> [Provided data]:
lemma longest_path_interior:
  assumes "finite V" "symp E" and Q: "gpath V E Q" "hd Q = u" "length Q = tau V E u"
    and "v \<in> V" "E u v" and gap: "tau V E v + 2 \<le> tau V E u"
  obtains k where "2 \<le> k" "Suc k < length Q" "Q ! k = v"
proof -
  have "v \<in> set Q"
    using length_Cons_le_tau[OF assms(1,2) Q(1) \<open>v \<in> V\<close>] Q \<open>E u v\<close> gap by force
  then obtain k where k: "k < length Q" "Q ! k = v"
    by (metis in_set_conv_nth)
  have "Q \<noteq> []"
    using Q(1) by (simp add: gpath_def)
  have "u \<noteq> v"
    using gap by auto
  with k Q(2) \<open>Q \<noteq> []\<close> have "k \<noteq> 0"
    by (metis hd_conv_nth)
  moreover have "k \<noteq> 1"
    using length_le_tau_second[OF \<open>finite V\<close> Q(1)] k Q(3) gap by auto
  moreover have "Suc k \<noteq> length Q"
  proof
    assume "Suc k = length Q"
    with k \<open>Q \<noteq> []\<close> have "last Q = v"
      by (metis diff_Suc_1 last_conv_nth)
    with length_le_tau[OF \<open>finite V\<close> Q(1), of v] Q(3) gap show False
      by simp
  qed
  ultimately have "2 \<le> k" "Suc k < length Q"
    using k(1) by linarith+
  with that k(2) show thesis by blast
qed

(* Unlike path_unicyclic, no attached path is required to be nonempty: the argument does
   not need it. *)
locale cycle_with_paths =
  fixes V :: "'a set" and E :: "'a \<Rightarrow> 'a \<Rightarrow> bool" and C :: "'a list" and P :: "'a \<Rightarrow> 'a list"
  assumes distinct_C: "distinct C" and length_C: "3 \<le> length C"
    and distinct_P: "\<And>c. c \<in> set C \<Longrightarrow> distinct (P c)"
    and P_disjoint_C: "\<And>c. c \<in> set C \<Longrightarrow> set (P c) \<inter> set C = {}"
    and P_disjoint: "\<And>c d. c \<in> set C \<Longrightarrow> d \<in> set C \<Longrightarrow> c \<noteq> d \<Longrightarrow> set (P c) \<inter> set (P d) = {}"
    and V_eq: "V = set C \<union> (\<Union>c\<in>set C. set (P c))"
    and E_iff: "\<And>x y. E x y \<longleftrightarrow>
          (\<exists>i<length C. {x, y} = {C ! i, C ! (Suc i mod length C)}) \<or>
          (\<exists>c\<in>set C. P c \<noteq> [] \<and> {x, y} = {c, hd (P c)}) \<or>
          (\<exists>c\<in>set C. \<exists>i. Suc i < length (P c) \<and> {x, y} = {P c ! i, P c ! Suc i})"
begin

abbreviation branch :: "'a \<Rightarrow> 'a list" where
  "branch c \<equiv> c # P c"

lemma finite_V: "finite V"
  using V_eq by simp

lemma symp_E: "symp E"
  by (rule sympI) (simp add: E_iff insert_commute)

lemma set_branch_subset_V: "c \<in> set C \<Longrightarrow> set (branch c) \<subseteq> V"
  using V_eq by auto

lemma V_branchE:
  assumes "x \<in> V"
  obtains c where "c \<in> set C" "x \<in> set (branch c)"
  using assms V_eq by auto

lemma nth_mod_in_C [simp]: "C ! (j mod length C) \<in> set C"
  using length_C by (intro nth_mem mod_less_divisor) auto

lemma edgeE:
  assumes "E x y"
  obtains (cycle) i where "i < length C" "{x, y} = {C ! i, C ! (Suc i mod length C)}"
    | (attach) c where "c \<in> set C" "P c \<noteq> []" "{x, y} = {c, hd (P c)}"
    | (path) c i where "c \<in> set C" "Suc i < length (P c)" "{x, y} = {P c ! i, P c ! Suc i}"
  using assms E_iff by blast

lemma cycle_edge:
  assumes "Suc i < length C"
  shows "E (C ! i) (C ! Suc i)"
  unfolding E_iff by (intro disjI1 exI[of _ i]) (use assms in auto)

lemma branch_edge:
  assumes "c \<in> set C" "m < length (P c)"
  shows "E (P c ! m) (branch c ! m)"
proof (cases m)
  case 0
  then show ?thesis
    unfolding E_iff by (intro disjI2 disjI1 bexI[of _ c]) (use assms in \<open>auto simp: hd_conv_nth\<close>)
next
  case (Suc i)
  then show ?thesis
    unfolding E_iff by (intro disjI2 bexI[of _ c] exI[of _ i]) (use assms in auto)
qed

lemma in_P_not_in_C: "c \<in> set C \<Longrightarrow> x \<in> set (P c) \<Longrightarrow> x \<notin> set C"
  using P_disjoint_C by blast

lemma in_P_unique: "c \<in> set C \<Longrightarrow> d \<in> set C \<Longrightarrow> x \<in> set (P c) \<Longrightarrow> x \<in> set (P d) \<Longrightarrow> c = d"
  using P_disjoint by blast

lemma edge_at_P_vertex:
  assumes c: "c \<in> set C" and x: "x \<in> set (P c)" and "E x y"
  shows "x = hd (P c) \<and> y = c \<or> (\<exists>i. Suc i < length (P c) \<and> {x, y} = {P c ! i, P c ! Suc i})"
  using \<open>E x y\<close>
proof (cases rule: edgeE)
  case (cycle i)
  then have "x \<in> set C"
    by (auto simp: doubleton_eq_iff)
  with in_P_not_in_C[OF c x] show ?thesis by simp
next
  case (attach d)
  with in_P_not_in_C[OF c x] have "x = hd (P d)" "y = d"
    by (auto simp: doubleton_eq_iff)
  moreover from this attach in_P_unique[OF c _ x] have "d = c"
    by auto
  ultimately show ?thesis by simp
next
  case (path d i)
  then have "x \<in> set (P d)"
    by (auto simp: doubleton_eq_iff)
  with path in_P_unique[OF c _ x] show ?thesis
    by auto
qed

(* branch c ! m is the vertex preceding P c ! m = branch c ! Suc m on the branch. *)
lemma branch_sole_crossing:
  assumes c: "c \<in> set C" and m: "m < length (P c)"
  shows "sole_crossing_edge E (set (drop m (P c))) (P c ! m) (branch c ! m)"
proof -
  let ?p = "P c" and ?S = "set (drop m (P c))"
  have p: "distinct ?p"
    using distinct_P[OF c] .
  have "?p ! m \<in> ?S"
    using nth_in_set_drop_iff[OF p m] by simp
  moreover have "branch c ! m \<notin> ?S"
  proof (cases m)
    case 0
    then show ?thesis
      using in_P_not_in_C[OF c] c by (auto dest: in_set_dropD)
  next
    case (Suc i)
    then show ?thesis
      using nth_in_set_drop_iff[OF p, of i m] m by simp
  qed
  moreover have "x = ?p ! m \<and> y = branch c ! m"
    if "E x y" and x: "x \<in> ?S" and y: "y \<notin> ?S" for x y
  proof -
    have "x \<in> set ?p"
      using x by (rule in_set_dropD)
    from edge_at_P_vertex[OF c this \<open>E x y\<close>] show ?thesis
    proof (elim disjE exE conjE)
      assume "x = hd ?p" "y = c"
      have "?p \<noteq> []"
        using m by auto
      with \<open>x = hd ?p\<close> have "x = ?p ! 0"
        by (simp add: hd_conv_nth)
      with x \<open>?p \<noteq> []\<close> have "m = 0"
        using nth_in_set_drop_iff[OF p, of 0 m] by simp
      with \<open>x = ?p ! 0\<close> \<open>y = c\<close> show ?thesis
        by simp
    next
      fix i
      assume i: "Suc i < length ?p" and "{x, y} = {?p ! i, ?p ! Suc i}"
      then consider "x = ?p ! i" "y = ?p ! Suc i" | "x = ?p ! Suc i" "y = ?p ! i"
        by (auto simp: doubleton_eq_iff)
      then show ?thesis
        using x y i nth_in_set_drop_iff[OF p, of i m] nth_in_set_drop_iff[OF p, of "Suc i" m]
        by cases (auto simp: le_Suc_eq)
    qed
  qed
  ultimately show ?thesis
    unfolding sole_crossing_edge_def by blast
qed

lemma branch_tau_step:
  assumes "c \<in> set C" "m < length (P c)"
  shows "tau V E (branch c ! Suc m) \<le> tau V E (branch c ! m) + 1 \<and>
         tau V E (branch c ! m) \<le> tau V E (branch c ! Suc m) + 1"
proof -
  have "Suc m < length (branch c)" "m < length (branch c)"
    using assms(2) by simp_all
  then have "branch c ! Suc m \<in> V" "branch c ! m \<in> V"
    using set_branch_subset_V[OF assms(1)] nth_mem by blast+
  then show ?thesis
    using tau_sole_crossing_edge[OF finite_V symp_E _ _ branch_edge[OF assms]
        branch_sole_crossing[OF assms]] by simp
qed

lemma branch_tau_interval:
  assumes c: "c \<in> set C" and "x \<in> set (branch c)" "y \<in> set (branch c)"
    and "tau V E x \<le> k" "k \<le> tau V E y"
  shows "\<exists>z\<in>set (branch c). tau V E z = k"
proof -
  let ?f = "\<lambda>i. tau V E (branch c ! i)"
  obtain i j where "i \<le> length (P c)" "branch c ! i = x" "j \<le> length (P c)" "branch c ! j = y"
    using assms(2,3) by (metis in_set_conv_nth length_Cons less_Suc_eq_le)
  then obtain m where "m \<le> length (P c)" "?f m = k"
    using nat_ivt_unit_steps[of "length (P c)" ?f i j k] branch_tau_step[OF c] assms(4,5)
    by auto
  then show ?thesis
    by (metis length_Cons less_Suc_eq_le nth_mem)
qed

lemma P_sole_crossing:
  assumes "c \<in> set C" "P c \<noteq> []"
  shows "sole_crossing_edge E (set (P c)) (hd (P c)) c"
  using branch_sole_crossing[OF assms(1), of 0] assms(2) by (simp add: hd_conv_nth)

lemma cycle_vertex_neighbours:
  assumes "v \<in> set C"
  obtains s t where "\<And>x. E x v \<Longrightarrow> x \<notin> set (P v) \<Longrightarrow> x = s \<or> x = t"
proof -
  let ?n = "length C"
  obtain j where j: "j < ?n" "C ! j = v"
    using assms by (meson in_set_conv_nth)
  have "x = C ! (Suc j mod ?n) \<or> x = C ! ((j + ?n - 1) mod ?n)"
    if "E x v" "x \<notin> set (P v)" for x
    using \<open>E x v\<close>
  proof (cases rule: edgeE)
    case (cycle i)
    have "Suc i mod ?n < ?n"
      using j(1) by (intro mod_less_divisor) linarith
    with cycle j consider "x = C ! i" "j = Suc i mod ?n" | "x = C ! (Suc i mod ?n)" "j = i"
      using nth_eq_iff_index_eq[OF distinct_C] by (auto simp: doubleton_eq_iff)
    then show ?thesis
    proof cases
      case 1
      with Suc_mod_pred[OF cycle(1)] show ?thesis by simp
    qed simp
  next
    case (attach d)
    then have "hd (P d) \<in> set (P d)"
      by simp
    with attach assms in_P_not_in_C have "v = d" "x = hd (P v)"
      by (auto simp: doubleton_eq_iff)
    with attach that(2) show ?thesis by simp
  next
    case (path d i)
    then have "v \<in> set (P d)"
      by (auto simp: doubleton_eq_iff)
    with path assms in_P_not_in_C show ?thesis by blast
  qed
  with that show thesis by blast
qed

lemma third_neighbour_in_P:
  assumes "v \<in> set C" "distinct [x, y, z]" "E x v" "E y v" "E z v"
    and "x \<notin> set (P v)" "y \<notin> set (P v)"
  shows "z \<in> set (P v)"
proof (rule ccontr)
  assume "z \<notin> set (P v)"
  obtain s t where "\<And>w. E w v \<Longrightarrow> w \<notin> set (P v) \<Longrightarrow> w = s \<or> w = t"
    using cycle_vertex_neighbours[OF assms(1)] by blast
  with assms \<open>z \<notin> set (P v)\<close> have "x \<in> {s, t}" "y \<in> {s, t}" "z \<in> {s, t}"
    by auto
  with assms(2) show False
    by auto
qed

lemma cycle_edge_tau_gap:
  assumes u: "u \<in> set C" and v: "v \<in> set C" and "E u v" and gap: "tau V E v + 2 \<le> tau V E u"
  shows "\<exists>w\<in>set (P v). tau V E u \<le> tau V E w"
proof -
  have "u \<in> V" "v \<in> V"
    using u v V_eq by auto
  obtain Q where Q: "gpath V E Q" "hd Q = u" "length Q = tau V E u"
    using tau_attained[OF finite_V symp_E \<open>u \<in> V\<close>] by blast
  obtain k where k: "2 \<le> k" "Suc k < length Q" "Q ! k = v"
    using longest_path_interior[OF finite_V symp_E Q \<open>v \<in> V\<close> \<open>E u v\<close> gap] by blast
  have "Q \<noteq> []"
    using Q(1) by (simp add: gpath_def)
  with Q(2) have Q0: "Q ! 0 = u"
    by (simp add: hd_conv_nth)
  have edge: "E (Q ! i) (Q ! Suc i)" if "Suc i < length Q" for i
    using Q(1) that by (simp add: gpath_def)
  have "Suc (k - 1) = k"
    using k(1) by simp
  then have pred: "E (Q ! (k - 1)) v" and succ: "E (Q ! Suc k) v"
    using edge[of "k - 1"] sympD[OF symp_E edge[of k]] k by simp_all
  have "0 < k - 1" "k - 1 < length Q"
    using k by auto
  then have "distinct [u, Q ! (k - 1), Q ! Suc k]"
    using gpath_nth_inj[OF Q(1), of 0 "k - 1"] gpath_nth_inj[OF Q(1), of 0 "Suc k"]
      gpath_nth_inj[OF Q(1), of "k - 1" "Suc k"] Q0 k \<open>Q \<noteq> []\<close> by auto
  have "u \<notin> set (P v)"
    using in_P_not_in_C[OF v] u by blast
  have "Q ! (k - 1) \<notin> set (P v)"
  proof
    assume "Q ! (k - 1) \<in> set (P v)"
    then have "P v \<noteq> []"
      by auto
    from gpath_before_sole_crossing[OF symp_E P_sole_crossing[OF v this] Q(1) k(3), of "k - 1"]
      k Q0 \<open>u \<notin> set (P v)\<close> \<open>Q ! (k - 1) \<in> set (P v)\<close>
    show False by simp
  qed
  with third_neighbour_in_P[OF v \<open>distinct [u, Q ! (k - 1), Q ! Suc k]\<close> \<open>E u v\<close> pred succ]
    \<open>u \<notin> set (P v)\<close>
  have "Q ! Suc k \<in> set (P v)"
    by blast
  then have "P v \<noteq> []"
    by auto
  from gpath_after_sole_crossing[OF P_sole_crossing[OF v this] Q(1) k(3)
      \<open>Q ! Suc k \<in> set (P v)\<close>, of "length Q - 1"] k \<open>Q \<noteq> []\<close>
  have "last Q \<in> set (P v)"
    by (simp add: last_conv_nth)
  then show ?thesis
    using length_le_tau[OF finite_V Q(1), of "last Q"] Q(3) by auto
qed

> [What you should do]: Scan the records above and show every line in which the word "consider" occurs.

> [Response]:
      then consider "x = ?p ! i" "y = ?p ! Suc i" | "x = ?p ! Suc i" "y = ?p ! i"
    with cycle j consider "x = C ! i" "j = Suc i mod ?n" | "x = C ! (Suc i mod ?n)" "j = i"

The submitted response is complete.